Report all lines in the records that hold the string "imports".
:: Records supplied
(* There is no pair $(\Lambda,\Lambda')$, where $\Lambda$ is a well-rounded lattice of rank $9$ in a $9$-dimensional Euclidean space and $\Lambda'$ is a sublattice generated by $9$ linearly independent minimal vectors of $\Lambda$, such that $\Lambda/\Lambda'\cong(\mathbb Z/3\mathbb Z)^3$.
   Context: Minimal vectors of a lattice are its nonzero vectors of smallest norm $x\cdot x$; a lattice is well-rounded if its minimal vectors span the ambient space. *)

theory Defs
  imports "HOL-Analysis.Analysis" "HOL-Algebra.Elementary_Groups" "HOL-Algebra.Product_Groups"
begin

definition int_lattice :: "('i::finite \<Rightarrow> 'a::real_vector) \<Rightarrow> 'a set" where
  "int_lattice b = range (\<lambda>c::'i \<Rightarrow> int. \<Sum>i\<in>UNIV. of_int (c i) *\<^sub>R b i)"

definition lin_indep_family :: "('i \<Rightarrow> 'a::real_vector) \<Rightarrow> bool" where
  "lin_indep_family b \<longleftrightarrow> inj b \<and> independent (range b)"

definition min_vectors :: "'a::real_inner set \<Rightarrow> 'a set" where
  "min_vectors L = {v \<in> L. v \<noteq> 0 \<and> (\<forall>w\<in>L. w \<noteq> 0 \<longrightarrow> v \<bullet> v \<le> w \<bullet> w)}"

definition well_rounded :: "'a::euclidean_space set \<Rightarrow> bool" where
  "well_rounded L \<longleftrightarrow> span (min_vectors L) = UNIV"

definition add_group :: "'a::ab_group_add set \<Rightarrow> 'a monoid" where
  "add_group L = \<lparr>carrier = L, monoid.mult = (+), one = 0\<rparr>"

end

theory Submission
  imports Defs
begin

(*
  Let N be spanned by nine independent minimal vectors v_i of norm m and suppose L/N is
  (Z/3Z)^3. Then 3L is contained in N, so L consists of the vectors (1/3) \<Sum> k_i v_i whose
  residues k mod 3 lie in a 3-dimensional ternary code C of length 9. If such a vector W has all
  k_i in {-1, 0, 1}, minimality of v_i applied to W - k_i v_i gives 2 k_i (W \<bullet> v_i) \<le> W \<bullet> W,
  and summing over the support shows that every nonzero codeword has weight at least 6.
  Counting zeros of the 27 linear functionals on the columns of a generator matrix (a second
  moment argument) shows that a ternary [9,3,6] code is, up to signs and a relabelling of the
  coordinates, the code of affine functions on the plane F_3^2. Thirteen suitable lifts of its
  codewords are nonzero vectors of L whose squared norms, weighted by 1 or 3, add up to 20 m,
  although the weights add up to 21 and each norm is at least m.
*)

datatype f3 = Z0 | Z1 | Z2

lemma UNIV_f3: "(UNIV :: f3 set) = {Z0, Z1, Z2}"
  using f3.exhaust by auto

instantiation f3 :: "{field, finite}"
begin

definition zero_f3 :: f3 where "zero_f3 = Z0"
definition one_f3 :: f3 where "one_f3 = Z1"

fun plus_f3 :: "f3 \<Rightarrow> f3 \<Rightarrow> f3" where
  "plus_f3 Z0 y = y" | "plus_f3 x Z0 = x" | "plus_f3 Z1 Z1 = Z2" | "plus_f3 Z1 Z2 = Z0"
| "plus_f3 Z2 Z1 = Z0" | "plus_f3 Z2 Z2 = Z1"

fun uminus_f3 :: "f3 \<Rightarrow> f3" where
  "uminus_f3 Z0 = Z0" | "uminus_f3 Z1 = Z2" | "uminus_f3 Z2 = Z1"

definition minus_f3 :: "f3 \<Rightarrow> f3 \<Rightarrow> f3" where "minus_f3 x y = x + - y"

fun times_f3 :: "f3 \<Rightarrow> f3 \<Rightarrow> f3" where
  "times_f3 Z0 y = Z0" | "times_f3 x Z0 = Z0" | "times_f3 Z1 y = y" | "times_f3 x Z1 = x"
| "times_f3 Z2 Z2 = Z1"

definition inverse_f3 :: "f3 \<Rightarrow> f3" where "inverse_f3 x = x"

definition divide_f3 :: "f3 \<Rightarrow> f3 \<Rightarrow> f3" where "divide_f3 x y = x * y"

instance
proof
  fix a b c :: f3
  note zero_f3_def [simp] one_f3_def [simp]
  show "a * b * c = a * (b * c)" by (cases a; cases b; cases c) simp_all
  show "a * b = b * a" by (cases a; cases b) simp_all
  show "1 * a = a" by (cases a) simp_all
  show "a + b + c = a + (b + c)" by (cases a; cases b; cases c) simp_all
  show "a + b = b + a" by (cases a; cases b) simp_all
  show "0 + a = a" by simp
  show "- a + a = 0" by (cases a) simp_all
  show "a - b = a + - b" by (simp add: minus_f3_def)
  show "(a + b) * c = a * c + b * c" by (cases a; cases b; cases c) simp_all
  show "(0::f3) \<noteq> 1" by simp
  show "a \<noteq> 0 \<Longrightarrow> inverse a * a = (1::f3)" by (cases a) (simp_all add: inverse_f3_def)
  show "divide a b = a * inverse b" by (simp add: divide_f3_def inverse_f3_def)
  show "inverse (0::f3) = 0" by (simp add: inverse_f3_def)
  show "finite (UNIV :: f3 set)" by (simp add: UNIV_f3)
qed

end

lemma f3_square: "x \<noteq> 0 \<Longrightarrow> x * x = (1 :: f3)"
  by (cases x) (simp_all add: zero_f3_def one_f3_def)

lemma two_f3: "(2 :: f3) = Z2"
  by (simp only: numeral_Bit0 numeral_One one_f3_def plus_f3.simps)

lemma three_f3: "(3 :: f3) = 0"
  by (simp only: numeral_Bit1 numeral_One one_f3_def plus_f3.simps zero_f3_def)

lemma of_int_f3_mod: "(of_int k :: f3) = of_int (k mod 3)"
proof -
  have "(of_int k :: f3) = of_int (k div 3) * 3 + of_int (k mod 3)"
    by (metis div_mult_mod_eq of_int_add of_int_mult of_int_numeral)
  then show ?thesis
    by (simp add: three_f3)
qed

lemma of_int_f3_cases:
  "(of_int k = (0 :: f3) \<and> k mod 3 = 0) \<or> (of_int k = Z1 \<and> k mod 3 = 1) \<or> (of_int k = Z2 \<and> k mod 3 = 2)"
proof -
  have "k mod 3 = 0 \<or> k mod 3 = 1 \<or> k mod 3 = 2"
    by presburger
  then show ?thesis
    by (auto simp: of_int_f3_mod[of k] one_f3_def two_f3)
qed

lemma of_int_f3_eq_0_iff: "(of_int k :: f3) = 0 \<longleftrightarrow> 3 dvd k"
  using of_int_f3_cases[of k] by (auto simp: zero_f3_def)

fun lift_f3 :: "f3 \<Rightarrow> int" where
  "lift_f3 Z0 = 0" | "lift_f3 Z1 = 1" | "lift_f3 Z2 = - 1"

lemma of_int_lift_f3 [simp]: "of_int (lift_f3 x) = x"
  by (cases x) (simp_all add: zero_f3_def one_f3_def)

lemma lift_f3_cases: "lift_f3 x \<in> {- 1, 0, 1}"
  by (cases x) simp_all

lemma lift_f3_eq_0_iff [simp]: "lift_f3 x = 0 \<longleftrightarrow> x = 0"
  by (cases x) (simp_all add: zero_f3_def)

lemma lift_f3_mult: "lift_f3 (x * y) = lift_f3 x * lift_f3 y"
  by (cases x; cases y) simp_all

lemma lift_f3_of_int: "3 dvd (lift_f3 (of_int k) - k)"
  using of_int_f3_cases[of k] by (elim disjE conjE) (simp_all add: zero_f3_def, presburger+)

type_synonym f3vec = "f3 \<times> f3 \<times> f3"

fun dot3 :: "f3vec \<Rightarrow> f3vec \<Rightarrow> f3" where
  "dot3 (a, b, c) (x, y, z) = a * x + b * y + c * z"

fun scale3 :: "f3 \<Rightarrow> f3vec \<Rightarrow> f3vec" where
  "scale3 s (x, y, z) = (s * x, s * y, s * z)"

fun affine_f3 :: "f3vec \<Rightarrow> f3 \<times> f3 \<Rightarrow> f3" where
  "affine_f3 (\<alpha>, \<beta>, \<gamma>) (x, y) = \<alpha> * x + \<beta> * y + \<gamma>"

lemma dot3_add_left: "dot3 (f + g) t = dot3 f t + dot3 g t"
  by (cases f rule: prod_cases3; cases g rule: prod_cases3; cases t rule: prod_cases3)
     (simp add: algebra_simps)

lemma dot3_scale3_left: "dot3 (scale3 s f) t = s * dot3 f t"
  by (cases f rule: prod_cases3; cases t rule: prod_cases3) (simp add: algebra_simps)

lemma dot3_scale3_right: "dot3 f (scale3 s t) = s * dot3 f t"
  by (cases f rule: prod_cases3; cases t rule: prod_cases3) (simp add: algebra_simps)

lemma scale3_scale3: "scale3 s (scale3 s' t) = scale3 (s * s') t"
  by (cases t rule: prod_cases3) (simp add: mult.assoc)

lemma scale3_one: "scale3 1 t = t"
  by (cases t rule: prod_cases3) simp

definition f3_list :: "f3 list" where
  "f3_list = [Z0, Z1, Z2]"

definition f3vec_list :: "f3vec list" where
  "f3vec_list = [(a, b, c). a \<leftarrow> f3_list, b \<leftarrow> f3_list, c \<leftarrow> f3_list]"

lemma mem_f3_list: "x \<in> set f3_list"
  by (cases x) (simp_all add: f3_list_def)

lemma set_f3vec_list: "set f3vec_list = UNIV"
  using mem_f3_list by (auto simp: f3vec_list_def)

lemma card_f3vec: "card {t. P t} = length (filter P f3vec_list)"
proof -
  have "distinct f3vec_list"
    by code_simp
  then have "card (set (filter P f3vec_list)) = length (filter P f3vec_list)"
    by (intro distinct_card distinct_filter)
  moreover have "set (filter P f3vec_list) = {t. P t}"
    by (simp add: set_f3vec_list)
  ultimately show ?thesis
    by simp
qed

lemma list_all_f3vec: "list_all P f3vec_list \<longleftrightarrow> (\<forall>t. P t)"
  by (simp add: list_all_iff set_f3vec_list)

lemma card_annihilator: "card {f. dot3 f t = 0} = (if t = 0 then 27 else 9)"
proof -
  have "list_all (\<lambda>t. length (filter (\<lambda>f. dot3 f t = 0) f3vec_list) = (if t = 0 then 27 else 9))
    f3vec_list"
    by code_simp
  then show ?thesis
    unfolding list_all_f3vec card_f3vec by (rule spec)
qed

lemma card_common_annihilator:
  fixes t t' :: f3vec
  defines "A \<equiv> card {f. dot3 f t = 0} + card {f. dot3 f t' = 0}"
    and "B \<equiv> card {f. dot3 f t = 0 \<and> dot3 f t' = 0}"
  shows "A \<le> 6 * B" and "A = 6 * B \<Longrightarrow> t \<noteq> 0 \<and> t' \<noteq> scale3 s t"
proof -
  define ok where "ok t t' \<longleftrightarrow>
    (let A = length (filter (\<lambda>f. dot3 f t = 0) f3vec_list) + length (filter (\<lambda>f. dot3 f t' = 0) f3vec_list);
         B = length (filter (\<lambda>f. dot3 f t = 0 \<and> dot3 f t' = 0) f3vec_list)
     in A \<le> 6 * B \<and> (A = 6 * B \<longrightarrow> t \<noteq> 0 \<and> list_all (\<lambda>s. t' \<noteq> scale3 s t) f3_list))"
    for t t' :: f3vec
  have "list_all (\<lambda>t. list_all (ok t) f3vec_list) f3vec_list"
    unfolding ok_def by code_simp
  then have "ok t t'"
    unfolding list_all_f3vec by blast
  moreover have "list_all P f3_list \<longleftrightarrow> (\<forall>s. P s)" for P
    using mem_f3_list by (auto simp: list_all_iff)
  ultimately show "A \<le> 6 * B" "A = 6 * B \<Longrightarrow> t \<noteq> 0 \<and> t' \<noteq> scale3 s t"
    unfolding ok_def A_def B_def card_f3vec Let_def by simp_all
qed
::::
> _Written response_:
  imports "HOL-Analysis.Analysis" "HOL-Algebra.Elementary_Groups" "HOL-Algebra.Product_Groups"
  imports Defs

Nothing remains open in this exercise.